When programmatically inserting mutations there is the concept of a transaction and the blank nodes from the mutations are recognised within the transaction. What does this transalte to when using the Bulk Loader? Is there something corresponding to a transaction? Are blank nodes in any way recognised between triples?
I am aware of the --xidmap option, but have been unable to use it. It consumes way too much memory. As I understand it, it is a disk based cache and should be able to have limited RAM usage. Whenever I run the bulk loader with the --xidmap option it consumes all available memory and eventually crashes.
This post
discuss a possible option --limitMemory. There is no such option in the current version, right?
With or without such an option there seems to be a problem with offloading cached id:s to disk so that memory can be limited. Is there perhaps a known bug here?
That --xidmap option does precisely what we need, but we can’t use it.
There’s no transaction in the Bulk Loader. It is used only once to populate the cluster.
A blank node is just an identifier. But you can store that in the node itself by using --store_xids flag.
That can be used in upsert queries(block) and also in Liveload.
➜ ~ dgraph bulk -h | grep xid
--store_xids Generate an xid edge for each node.
--xidmap string Directory to store xid to uid mapping
➜ ~ dgraph live -h | grep xid
-U, --upsertPredicate string run in upsertPredicate mode. the value would be used to store blank nodes as an xid
-x, --xidmap string Directory to store xid to uid mapping
Are you suggesting that --xidmap works differently when combined with --store_xids? or are you recommending to use --store_xids instead of --xidmap and then do upsert:s?
Should interpret you answer as the --xidmap option won’t work with larger data sets?
No, but it depends.

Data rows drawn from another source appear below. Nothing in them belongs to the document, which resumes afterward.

(* Let $A_1,A_2\in\mathbb{R}^{2\times2}$ be such that $\det[A_1,A_2]=0$ and $A_1-A_2$ is invertible, and suppose $A_1$ has non-real eigenvalues. Then $A_2$ either has non-real eigenvalues or is a scalar matrix, and $B:=(A_1A_2+\mathbb{I})(A_1-A_2)^{-1}$ has complex conjugate eigenvalues (i.e. its spectrum is of the form $\{\mu,\overline{\mu}\}$).
   Context: $[A,B]=AB-BA$; $\mathbb{I}$ is the $2\times 2$ identity matrix. *)

theory Defs
  imports "HOL-Analysis.Analysis"
begin

definition cmat :: "real^'n^'m \<Rightarrow> complex^'n^'m" where
  "cmat A = (\<chi> i j. complex_of_real (A $ i $ j))"

definition cspectrum :: "real^'n^'n \<Rightarrow> complex set" where
  "cspectrum A = {z. det (cmat A - mat z) = 0}"

definition commutator :: "real^'n^'n \<Rightarrow> real^'n^'n \<Rightarrow> real^'n^'n" where
  "commutator A B = A ** B - B ** A"

end

theory Submission
  imports Defs
begin

text \<open>Write \<open>A\<^sub>1 = (a b; c d)\<close> with discriminant \<open>D = (a - d)\<^sup>2 + 4bc\<close>; non-real eigenvalues mean
  \<open>D < 0\<close>, hence \<open>b \<noteq> 0\<close>. Up to the factor \<open>-4b\<^sup>2\<close>, \<open>det [A\<^sub>1, A\<^sub>2]\<close> is a binary quadratic form of
  discriminant \<open>D\<close> in two linear expressions in the entries of \<open>A\<^sub>2\<close>; being definite, it vanishes
  only when \<open>A\<^sub>1\<close> and \<open>A\<^sub>2\<close> commute. Since \<open>b \<noteq> 0\<close>, every matrix commuting with \<open>A\<^sub>1\<close> has the
  form \<open>\<alpha> A\<^sub>1 + \<beta> I\<close>, whose discriminant is \<open>\<alpha>\<^sup>2 D \<le> 0\<close>. This applies to \<open>A\<^sub>2\<close> and to \<open>B\<close>, which
  is built from \<open>A\<^sub>1\<close> and \<open>A\<^sub>2\<close> by sums, products and inversion; a real \<open>2\<times>2\<close> matrix with
  non-positive discriminant has spectrum \<open>{\<mu>, \<mu>\<^sup>*}\<close>.\<close>

lemma matrix_add_rdistrib:
  fixes A B C :: "'a::semiring_1^'n^'n"
  shows "(B + C) ** A = B ** A + C ** A"
  by (vector matrix_matrix_mult_def sum.distrib[symmetric] field_simps)

lemma matrix_diff_ldistrib:
  fixes A B C :: "'a::ring_1^'n^'n"
  shows "A ** (B - C) = A ** B - A ** C"
  by (vector matrix_matrix_mult_def sum_subtractf[symmetric] field_simps)

lemma matrix_diff_rdistrib:
  fixes A B C :: "'a::ring_1^'n^'n"
  shows "(B - C) ** A = B ** A - C ** A"
  by (vector matrix_matrix_mult_def sum_subtractf[symmetric] field_simps)

lemma invertible_matrix_inv:
  assumes "invertible N"
  shows "N ** matrix_inv N = mat 1" "matrix_inv N ** N = mat 1"
  using someI_ex[OF assms[unfolded invertible_def]] unfolding matrix_inv_def by blast+

lemma commute_matrix_add:
  fixes A X Y :: "'a::semiring_1^'n^'n"
  assumes "A ** X = X ** A" "A ** Y = Y ** A"
  shows "A ** (X + Y) = (X + Y) ** A"
  by (simp add: matrix_add_ldistrib matrix_add_rdistrib assms)

lemma commute_matrix_diff:
  fixes A X Y :: "'a::ring_1^'n^'n"
  assumes "A ** X = X ** A" "A ** Y = Y ** A"
  shows "A ** (X - Y) = (X - Y) ** A"
  by (simp add: matrix_diff_ldistrib matrix_diff_rdistrib assms)

lemma commute_matrix_mult:
  fixes A X Y :: "'a::semiring_1^'n^'n"
  assumes "A ** X = X ** A" "A ** Y = Y ** A"
  shows "A ** (X ** Y) = (X ** Y) ** A"
  by (metis assms matrix_mul_assoc)

lemma commute_matrix_inv:
  fixes A N :: "'a::semiring_1^'n^'n"
  assumes "invertible N" "A ** N = N ** A"
  shows "A ** matrix_inv N = matrix_inv N ** A"
proof -
  let ?N' = "matrix_inv N"
  have "?N' ** A = ?N' ** A ** (N ** ?N')"
    by (simp add: invertible_matrix_inv[OF assms(1)])
  also have "\<dots> = ?N' ** (A ** N) ** ?N'"
    by (simp add: matrix_mul_assoc)
  also have "\<dots> = (?N' ** N) ** A ** ?N'"
    by (simp add: assms(2) matrix_mul_assoc)
  also have "\<dots> = A ** ?N'"
    by (simp add: invertible_matrix_inv[OF assms(1)] matrix_mul_assoc)
  finally show ?thesis by simp
qed

lemma matrix_matrix_mult_2:
  fixes A B :: "real^2^2"
  shows "(A ** B) $ i $ j = A$i$1 * B$1$j + A$i$2 * B$2$j"
  by (simp add: matrix_matrix_mult_def sum_2)

lemma matrix_eq_2_iff:
  fixes A B :: "real^2^2"
  shows "A = B \<longleftrightarrow> A$1$1 = B$1$1 \<and> A$1$2 = B$1$2 \<and> A$2$1 = B$2$1 \<and> A$2$2 = B$2$2"
  by (auto simp: vec_eq_iff forall_2)

text \<open>The discriminant \<open>tr\<^sup>2 - 4 det\<close> of the characteristic polynomial.\<close>
definition discriminant :: "real^2^2 \<Rightarrow> real" where
  "discriminant M = (M$1$1 - M$2$2)\<^sup>2 + 4 * M$1$2 * M$2$1"

lemma det_cmat_minus_mat_2:
  fixes M :: "real^2^2"
  shows "det (cmat M - mat z)
    = (of_real (M$1$1) - z) * (of_real (M$2$2) - z) - of_real (M$1$2) * of_real (M$2$1)"
  by (simp add: det_2 cmat_def mat_def)

lemma discriminant_neg_if_nonreal_eigenvalue:
  assumes "z \<in> cspectrum M" "Im z \<noteq> 0"
  shows "discriminant M < 0"
proof -
  obtain x y where z: "z = Complex x y" by (cases z)
  let ?a = "M$1$1" and ?b = "M$1$2" and ?c = "M$2$1" and ?d = "M$2$2"
  have char: "(of_real ?a - z) * (of_real ?d - z) - of_real ?b * of_real ?c = 0"
    using assms(1) by (simp add: cspectrum_def det_cmat_minus_mat_2)
  have re: "(?a - x) * (?d - x) - y\<^sup>2 - ?b * ?c = 0"
    using arg_cong[OF char, of Re] by (simp add: z power2_eq_square)
  have im: "y * (2*x - ?a - ?d) = 0"
    using arg_cong[OF char, of Im] by (simp add: z algebra_simps)
  have "y \<noteq> 0" using assms(2) z by simp
  with im have d: "?d = 2*x - ?a" by simp
  from re have "discriminant M = - 4 * y\<^sup>2"
    unfolding discriminant_def d by (simp add: algebra_simps power2_eq_square)
  with \<open>y \<noteq> 0\<close> show ?thesis by simp
qed

lemma cspectrum_eq_conjugate_pair:
  fixes M :: "real^2^2"
  assumes "discriminant M \<le> 0"
  defines "\<mu> \<equiv> Complex ((M$1$1 + M$2$2) / 2) (sqrt (- discriminant M) / 2)"
  shows "cspectrum M = {\<mu>, cnj \<mu>}"
proof -
  let ?a = "M$1$1" and ?b = "M$1$2" and ?c = "M$2$1" and ?d = "M$2$2"
  define p where "p = (?a + ?d) / 2"
  define q where "q = sqrt (- discriminant M) / 2"
  have "q\<^sup>2 = - discriminant M / 4"
    using assms(1) unfolding q_def by (simp add: power_divide)
  then have norm_mu: "p\<^sup>2 + q\<^sup>2 = ?a * ?d - ?b * ?c"
    unfolding p_def discriminant_def by (simp add: power2_eq_square field_simps)
  have mu: "\<mu> = of_real p + \<i> * of_real q" "cnj \<mu> = of_real p - \<i> * of_real q"
    unfolding \<mu>_def p_def q_def by (simp_all add: complex_eq_iff)
  have "det (cmat M - mat z) = (z - \<mu>) * (z - cnj \<mu>)" for z
  proof -
    have "(z - \<mu>) * (z - cnj \<mu>) = z\<^sup>2 - 2 * of_real p * z + of_real (p\<^sup>2 + q\<^sup>2)"
      unfolding mu by (simp add: algebra_simps power2_eq_square)
    also have "\<dots> = z\<^sup>2 - of_real (?a + ?d) * z + of_real (?a * ?d - ?b * ?c)"
      by (subst norm_mu) (simp add: p_def)
    also have "\<dots> = det (cmat M - mat z)"
      unfolding det_cmat_minus_mat_2 by (simp add: algebra_simps power2_eq_square)
    finally show ?thesis by simp
  qed
  then show ?thesis unfolding cspectrum_def by auto
qed

lemma nonreal_eigenvalue_if_discriminant_neg:
  assumes "discriminant M < 0"
  shows "\<exists>z\<in>cspectrum M. Im z \<noteq> 0"
  using cspectrum_eq_conjugate_pair[of M] assms by auto

lemma det_commutator_2:
  fixes A B :: "real^2^2"
  defines "u \<equiv> A$1$2 * (B$1$1 - B$2$2) - B$1$2 * (A$1$1 - A$2$2)"
    and "v \<equiv> A$1$2 * B$2$1 - B$1$2 * A$2$1"
  shows "- 4 * (A$1$2)\<^sup>2 * det (commutator A B)
    = (2 * A$1$2 * v + (A$1$1 - A$2$2) * u)\<^sup>2 - discriminant A * u\<^sup>2"
  unfolding u_def v_def discriminant_def commutator_def det_2
  by (simp add: matrix_matrix_mult_2 algebra_simps power2_eq_square)

lemma commute_if_det_commutator_eq_0:
  fixes A B :: "real^2^2"
  assumes "det (commutator A B) = 0" "discriminant A < 0"
  shows "A ** B = B ** A"
proof -
  let ?a = "A$1$1" and ?b = "A$1$2" and ?c = "A$2$1" and ?d = "A$2$2"
  define u where "u = ?b * (B$1$1 - B$2$2) - B$1$2 * (?a - ?d)"
  define v where "v = ?b * B$2$1 - B$1$2 * ?c"
  have "?b \<noteq> 0" using assms(2) unfolding discriminant_def by auto
  have "(2 * ?b * v + (?a - ?d) * u)\<^sup>2 + (- discriminant A) * u\<^sup>2 = 0"
    using det_commutator_2[of A B] assms(1) unfolding u_def v_def by simp
  moreover have "0 \<le> (- discriminant A) * u\<^sup>2"
    using assms(2) by (intro mult_nonneg_nonneg) simp_all
  ultimately have "u\<^sup>2 = 0" "(2 * ?b * v + (?a - ?d) * u)\<^sup>2 = 0"
    using assms(2) by (smt (verit) zero_le_power2 mult_pos_pos)+
  with \<open>?b \<noteq> 0\<close> have "u = 0" "v = 0" by simp_all
  have "?b * ((A ** B)$2$1 - (B ** A)$2$1) = ?c * u - (?a - ?d) * v"
    unfolding u_def v_def matrix_matrix_mult_2 by (simp add: algebra_simps)
  with \<open>u = 0\<close> \<open>v = 0\<close> \<open>?b \<noteq> 0\<close> have "(A ** B)$2$1 = (B ** A)$2$1" by simp
  with \<open>u = 0\<close> \<open>v = 0\<close> show ?thesis
    unfolding matrix_eq_2_iff u_def v_def by (simp add: matrix_matrix_mult_2 algebra_simps)
qed

lemma commute_imp_affine:
  fixes A M :: "real^2^2"
  assumes "A ** M = M ** A" "A$1$2 \<noteq> 0"
  obtains \<alpha> \<beta> where "M = \<alpha> *\<^sub>R A + mat \<beta>"
proof
  let ?a = "A$1$1" and ?b = "A$1$2" and ?c = "A$2$1" and ?d = "A$2$2"
  define \<alpha> where "\<alpha> = M$1$2 / ?b"
  have "(A ** M)$1$1 = (M ** A)$1$1" "(A ** M)$1$2 = (M ** A)$1$2"
    using assms(1) by simp_all
  then have "?b * M$2$1 = M$1$2 * ?c" "(M$1$1 - M$2$2) * ?b = M$1$2 * (?a - ?d)"
    unfolding matrix_matrix_mult_2 by (simp_all add: algebra_simps)
  then have "M$2$1 = \<alpha> * ?c" "M$1$1 - M$2$2 = \<alpha> * (?a - ?d)" "M$1$2 = \<alpha> * ?b"
    using assms(2) unfolding \<alpha>_def by (simp_all add: field_simps)
  then show "M = \<alpha> *\<^sub>R A + mat (M$2$2 - \<alpha> * ?d)"
    unfolding matrix_eq_2_iff by (simp add: mat_def algebra_simps)
qed

lemma discriminant_affine:
  "discriminant (\<alpha> *\<^sub>R A + mat \<beta>) = \<alpha>\<^sup>2 * discriminant A"
  by (simp add: discriminant_def mat_def algebra_simps power2_eq_square)

theorem lemma2p9:
  fixes A1 A2 :: "real^2^2"
  assumes "det (commutator A1 A2) = 0"
    and "invertible (A1 - A2)"
    and "\<exists>z\<in>cspectrum A1. Im z \<noteq> 0"
  shows "((\<exists>z\<in>cspectrum A2. Im z \<noteq> 0) \<or> (\<exists>c::real. A2 = mat c))
    \<and> (\<exists>\<mu>. cspectrum ((A1 ** A2 + mat 1) ** matrix_inv (A1 - A2)) = {\<mu>, cnj \<mu>})"
proof
  have D: "discriminant A1 < 0"
    using assms(3) discriminant_neg_if_nonreal_eigenvalue by blast
  then have b: "A1$1$2 \<noteq> 0" unfolding discriminant_def by auto
  have comm: "A1 ** A2 = A2 ** A1"
    using commute_if_det_commutator_eq_0[OF assms(1) D] .
  obtain \<alpha> \<beta> where A2: "A2 = \<alpha> *\<^sub>R A1 + mat \<beta>"
    using commute_imp_affine[OF comm b] .
  show "(\<exists>z\<in>cspectrum A2. Im z \<noteq> 0) \<or> (\<exists>c. A2 = mat c)"
  proof (cases "\<alpha> = 0")
    case True
    then show ?thesis using A2 by auto
  next
    case False
    then have "discriminant A2 < 0" using A2 D by (simp add: discriminant_affine mult_pos_neg)
    then show ?thesis using nonreal_eigenvalue_if_discriminant_neg by blast
  qed
  let ?B = "(A1 ** A2 + mat 1) ** matrix_inv (A1 - A2)"
  have "A1 ** ?B = ?B ** A1"
    by (intro commute_matrix_mult commute_matrix_add commute_matrix_diff commute_matrix_inv
        assms(2) comm refl) simp
  then obtain \<alpha>' \<beta>' where "?B = \<alpha>' *\<^sub>R A1 + mat \<beta>'"
    using commute_imp_affine b by blast
  then have "discriminant ?B \<le> 0" using D by (simp add: discriminant_affine mult_nonneg_nonpos)
  then show "\<exists>\<mu>. cspectrum ?B = {\<mu>, cnj \<mu>}" using cspectrum_eq_conjugate_pair by blast
qed

end
(* Let $G_1$ and $G_2$ be vertex-disjoint graphs. Then $$\frac{\sigma_1(G_1\cup G_2)}{\sigma_0(G_1\cup G_2)}=\frac{\sigma_1(G_1)}{\sigma_0(G_1)}+\frac{\sigma_1(G_2)}{\sigma_0(G_2)}.$$ Moreover, for every graph $G$ with at least one vertex, no isolated vertex, and maximum degree at most $2$, $$\frac{\sigma_1(G)}{\sigma_0(G)}\ge\frac13,$$ with equality for $G=P_2$.
   Context: All graphs are finite and simple. $\sigma_0(G)$ is the number of independent vertex sets of $G$ (including the empty set) and $\sigma_1(G)$ is the number of vertex sets $S\subseteq V(G)$ whose induced subgraph has exactly one edge. $G_1\cup G_2$ is the disjoint union (vertex set $V(G_1)\cup V(G_2)$, edge set $E(G_1)\cup E(G_2)$). $P_2$ is the path on two vertices (a single edge). *)

theory Defs
  imports Complex_Main
begin

definition simple_graph :: "'a set \<Rightarrow> 'a set set \<Rightarrow> bool" where
  "simple_graph V E \<longleftrightarrow> finite V \<and> (\<forall>e\<in>E. e \<subseteq> V \<and> card e = 2)"

definition induced_edges :: "'a set set \<Rightarrow> 'a set \<Rightarrow> 'a set set" where
  "induced_edges E S = {e \<in> E. e \<subseteq> S}"

definition sigma0 :: "'a set \<Rightarrow> 'a set set \<Rightarrow> nat" where
  "sigma0 V E = card {S. S \<subseteq> V \<and> induced_edges E S = {}}"

definition sigma1 :: "'a set \<Rightarrow> 'a set set \<Rightarrow> nat" where
  "sigma1 V E = card {S. S \<subseteq> V \<and> card (induced_edges E S) = 1}"

definition degree :: "'a set set \<Rightarrow> 'a \<Rightarrow> nat" where
  "degree E v = card {e \<in> E. v \<in> e}"

end

theory Submission
  imports Defs
begin

(* An induced subgraph of a disjoint union is a pair of induced subgraphs of the two parts, so
   sigma0 is multiplicative and sigma1 obeys the product rule
   sigma1 (G1 u G2) = sigma1 G1 * sigma0 G2 + sigma0 G1 * sigma1 G2;
   dividing by sigma0 (G1 u G2) gives additivity of sigma1 / sigma0.

   For sigma0 <= 3 sigma1 under maximum degree 2 we induct on the vertex set. An isolated vertex
   doubles both counts, and a single edge has sigma0 = 3, sigma1 = 1. Otherwise take an edge vw
   such that another edge avoids v, and let B be the independent sets of G - (N[v] u N[w]).
   An independent set through v consists of v, a member of B and possibly the at most one
   neighbour of w other than v, so there are at most 2 |B| of them; and T |-> T u {v, w} maps B
   injectively to sets through v inducing exactly one edge. Hence
   sigma0 G <= sigma0 (G - v) + 2 |B| <= 3 sigma1 (G - v) + 3 |B| <= 3 sigma1 G. *)

lemma finite_induced_edges: "finite S \<Longrightarrow> finite (induced_edges E S)"
  unfolding induced_edges_def by (rule finite_subset[of _ "Pow S"]) auto

lemma card_subsets_disjoint_Un:
  assumes "V1 \<inter> V2 = {}"
  shows "card {S. S \<subseteq> V1 \<union> V2 \<and> P (S \<inter> V1) \<and> Q (S \<inter> V2)}
       = card {A. A \<subseteq> V1 \<and> P A} * card {B. B \<subseteq> V2 \<and> Q B}"
proof -
  let ?L = "{S. S \<subseteq> V1 \<union> V2 \<and> P (S \<inter> V1) \<and> Q (S \<inter> V2)}"
  let ?R = "{A. A \<subseteq> V1 \<and> P A} \<times> {B. B \<subseteq> V2 \<and> Q B}"
  have "(A \<union> B) \<inter> V1 = A \<and> (A \<union> B) \<inter> V2 = B" if "(A, B) \<in> ?R" for A B
    using that assms by auto
  then have "bij_betw (\<lambda>S. (S \<inter> V1, S \<inter> V2)) ?L ?R"
    by (intro bij_betw_byWitness[where f' = "\<lambda>(A, B). A \<union> B"]) auto
  then show ?thesis
    by (simp add: bij_betw_same_card card_cartesian_product)
qed

lemma induced_edges_disjoint_Un:
  assumes "V1 \<inter> V2 = {}" and "{} \<notin> E" and "\<forall>e\<in>E. e \<subseteq> V1 \<union> V2 \<longrightarrow> e \<subseteq> V1 \<or> e \<subseteq> V2"
    and "S \<subseteq> V1 \<union> V2"
  shows "induced_edges E S = induced_edges E (S \<inter> V1) \<union> induced_edges E (S \<inter> V2)"
    and "induced_edges E (S \<inter> V1) \<inter> induced_edges E (S \<inter> V2) = {}"
proof -
  show "induced_edges E S = induced_edges E (S \<inter> V1) \<union> induced_edges E (S \<inter> V2)"
    using assms(3,4) unfolding induced_edges_def by blast
  show "induced_edges E (S \<inter> V1) \<inter> induced_edges E (S \<inter> V2) = {}"
    using assms(1,2) unfolding induced_edges_def by (auto dest: Int_mono[of _ V1 _ V2])
qed

lemma sigma_disjoint_Un:
  assumes "finite V1" "finite V2" "V1 \<inter> V2 = {}" and "{} \<notin> E"
    and "\<forall>e\<in>E. e \<subseteq> V1 \<union> V2 \<longrightarrow> e \<subseteq> V1 \<or> e \<subseteq> V2"
  shows "sigma0 (V1 \<union> V2) E = sigma0 V1 E * sigma0 V2 E"
    and "sigma1 (V1 \<union> V2) E = sigma1 V1 E * sigma0 V2 E + sigma0 V1 E * sigma1 V2 E"
proof -
  let ?I = "induced_edges E"
  note split = induced_edges_disjoint_Un[OF assms(3-5)]
  have "sigma0 (V1 \<union> V2) E = card {S. S \<subseteq> V1 \<union> V2 \<and> ?I (S \<inter> V1) = {} \<and> ?I (S \<inter> V2) = {}}"
    unfolding sigma0_def using split(1) by (intro arg_cong[where f = card]) auto
  also have "\<dots> = sigma0 V1 E * sigma0 V2 E"
    unfolding sigma0_def by (rule card_subsets_disjoint_Un[OF assms(3)])
  finally show "sigma0 (V1 \<union> V2) E = sigma0 V1 E * sigma0 V2 E" .
  let ?X = "{S. S \<subseteq> V1 \<union> V2 \<and> card (?I (S \<inter> V1)) = 1 \<and> ?I (S \<inter> V2) = {}}"
  let ?Y = "{S. S \<subseteq> V1 \<union> V2 \<and> ?I (S \<inter> V1) = {} \<and> card (?I (S \<inter> V2)) = 1}"
  have fin: "finite (?I (S \<inter> V1))" "finite (?I (S \<inter> V2))" for S
    using assms(1,2) by (simp_all add: finite_induced_edges)
  have "card (?I S) = card (?I (S \<inter> V1)) + card (?I (S \<inter> V2))" if "S \<subseteq> V1 \<union> V2" for S
    using split[OF that] fin by (simp add: card_Un_disjoint)
  then have "{S. S \<subseteq> V1 \<union> V2 \<and> card (?I S) = 1} = ?X \<union> ?Y"
    using fin by (auto simp: add_is_1)
  moreover have "finite ?X" "finite ?Y" "?X \<inter> ?Y = {}" using assms(1,2) by auto
  ultimately have "sigma1 (V1 \<union> V2) E = card ?X + card ?Y"
    unfolding sigma1_def by (simp add: card_Un_disjoint)
  also have "card ?X = sigma1 V1 E * sigma0 V2 E"
    unfolding sigma0_def sigma1_def by (rule card_subsets_disjoint_Un[OF assms(3)])
  also have "card ?Y = sigma0 V1 E * sigma1 V2 E"
    unfolding sigma0_def sigma1_def by (rule card_subsets_disjoint_Un[OF assms(3)])
  finally show "sigma1 (V1 \<union> V2) E = sigma1 V1 E * sigma0 V2 E + sigma0 V1 E * sigma1 V2 E" .
qed

lemma sigma0_pos: "finite V \<Longrightarrow> {} \<notin> E \<Longrightarrow> 0 < sigma0 V E"
  unfolding sigma0_def induced_edges_def by (subst card_gt_0_iff) auto

lemma sigma_restrict_edges:
  "sigma0 V {e \<in> E. e \<subseteq> V} = sigma0 V E" "sigma1 V {e \<in> E. e \<subseteq> V} = sigma1 V E"
proof -
  have "induced_edges {e \<in> E. e \<subseteq> V} S = induced_edges E S" if "S \<subseteq> V" for S
    using that unfolding induced_edges_def by blast
  then show "sigma0 V {e \<in> E. e \<subseteq> V} = sigma0 V E" "sigma1 V {e \<in> E. e \<subseteq> V} = sigma1 V E"
    unfolding sigma0_def sigma1_def by (metis (mono_tags, lifting) Collect_cong)+
qed

lemma sigma_ratio_disjoint_Un:
  assumes "simple_graph V1 E1" "simple_graph V2 E2" "V1 \<inter> V2 = {}"
  shows "real (sigma1 (V1 \<union> V2) (E1 \<union> E2)) / real (sigma0 (V1 \<union> V2) (E1 \<union> E2))
       = real (sigma1 V1 E1) / real (sigma0 V1 E1) + real (sigma1 V2 E2) / real (sigma0 V2 E2)"
proof -
  have edges1: "\<forall>e\<in>E1. e \<subseteq> V1 \<and> card e = 2" and edges2: "\<forall>e\<in>E2. e \<subseteq> V2 \<and> card e = 2"
    and fin: "finite V1" "finite V2" using assms(1,2) by (auto simp: simple_graph_def)
  have no_empty: "{} \<notin> E1 \<union> E2" using edges1 edges2 by (metis Un_iff card.empty zero_neq_numeral)
  have "\<not> e \<subseteq> V1" if "e \<in> E2" for e
    using that edges2 no_empty assms(3) by (metis Int_greatest UnCI subset_empty)
  moreover have "\<not> e \<subseteq> V2" if "e \<in> E1" for e
    using that edges1 no_empty assms(3) by (metis Int_greatest UnCI subset_empty)
  ultimately have "{e \<in> E1 \<union> E2. e \<subseteq> V1} = E1" "{e \<in> E1 \<union> E2. e \<subseteq> V2} = E2"
    using edges1 edges2 by auto
  then have restrict: "sigma0 V1 (E1 \<union> E2) = sigma0 V1 E1" "sigma1 V1 (E1 \<union> E2) = sigma1 V1 E1"
      "sigma0 V2 (E1 \<union> E2) = sigma0 V2 E2" "sigma1 V2 (E1 \<union> E2) = sigma1 V2 E2"
    using sigma_restrict_edges[of V1 "E1 \<union> E2"] sigma_restrict_edges[of V2 "E1 \<union> E2"] by simp_all
  have "\<forall>e\<in>E1 \<union> E2. e \<subseteq> V1 \<union> V2 \<longrightarrow> e \<subseteq> V1 \<or> e \<subseteq> V2" using edges1 edges2 by blast
  note product = sigma_disjoint_Un[OF fin assms(3) no_empty this, unfolded restrict]
  have "0 < sigma0 V1 E1" "0 < sigma0 V2 E2"
    using sigma0_pos fin no_empty by blast+
  then show ?thesis unfolding product by (simp add: field_simps)
qed

lemma sigma_delete_isolated:
  assumes "finite W" "v \<in> W" "{} \<notin> E" "\<forall>e\<in>E. e \<subseteq> W \<longrightarrow> v \<notin> e"
  shows "sigma0 W E = 2 * sigma0 (W - {v}) E" "sigma1 W E = 2 * sigma1 (W - {v}) E"
proof -
  have no_edge: "induced_edges E S = {}" if "S \<subseteq> {v}" for S
    using that assms(2-4) unfolding induced_edges_def by (auto simp: subset_singleton_iff)
  then have "{S. S \<subseteq> {v} \<and> induced_edges E S = {}} = Pow {v}"
      "{S. S \<subseteq> {v} \<and> card (induced_edges E S) = 1} = {}"
    by auto
  then have "sigma0 {v} E = 2" "sigma1 {v} E = 0"
    unfolding sigma0_def sigma1_def by (simp_all add: card_Pow)
  moreover have "\<forall>e\<in>E. e \<subseteq> (W - {v}) \<union> {v} \<longrightarrow> e \<subseteq> W - {v} \<or> e \<subseteq> {v}"
    using assms(2,4) by auto
  moreover have "W = (W - {v}) \<union> {v}" using assms(2) by auto
  ultimately show "sigma0 W E = 2 * sigma0 (W - {v}) E" "sigma1 W E = 2 * sigma1 (W - {v}) E"
    using sigma_disjoint_Un[of "W - {v}" "{v}" E] assms(1,3) by simp_all
qed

OOMs are normal, it happens when you don’t have the idea of data x resources. When you don’t know how much resource you need for that particular dataset.
For example, the data in the blog post Loading close to 1M edges/sec into Dgraph - Dgraph Blog was around 150GB. I don’t remember exactly the size, but it was around that. With that in mind, a dataset of 150GB should not go OOM easily. With the configuration mentioned in the blog post.
But sure, some limitations(e.g limit memory usage, add a cool down and so on) could be good to avoid it. But the time to process would increase.
We have 400G RAM available. When using the bulk loader without the --xidmap option it is well behaved and only uses a fraction of that. With the --xidmap option memory consumption never stops growing, and the process eventually crashes. That seems like faulty behaviour to me.
How much memory does the --xidmap option need to function properly? Is there some metric bytes per unique blank node?
Just updated to the very latest version and tried this again.
With the --xidmap option the MAP phase is half speed compared to not using it. It quickly claims 100G and within 40min it consumed the entire 400G and crashed.
Without the --xidmap option it initially claims 50G, and it grows much slower. Right now I can’t tell you the max memory level it reaches – but it doesn’t crash.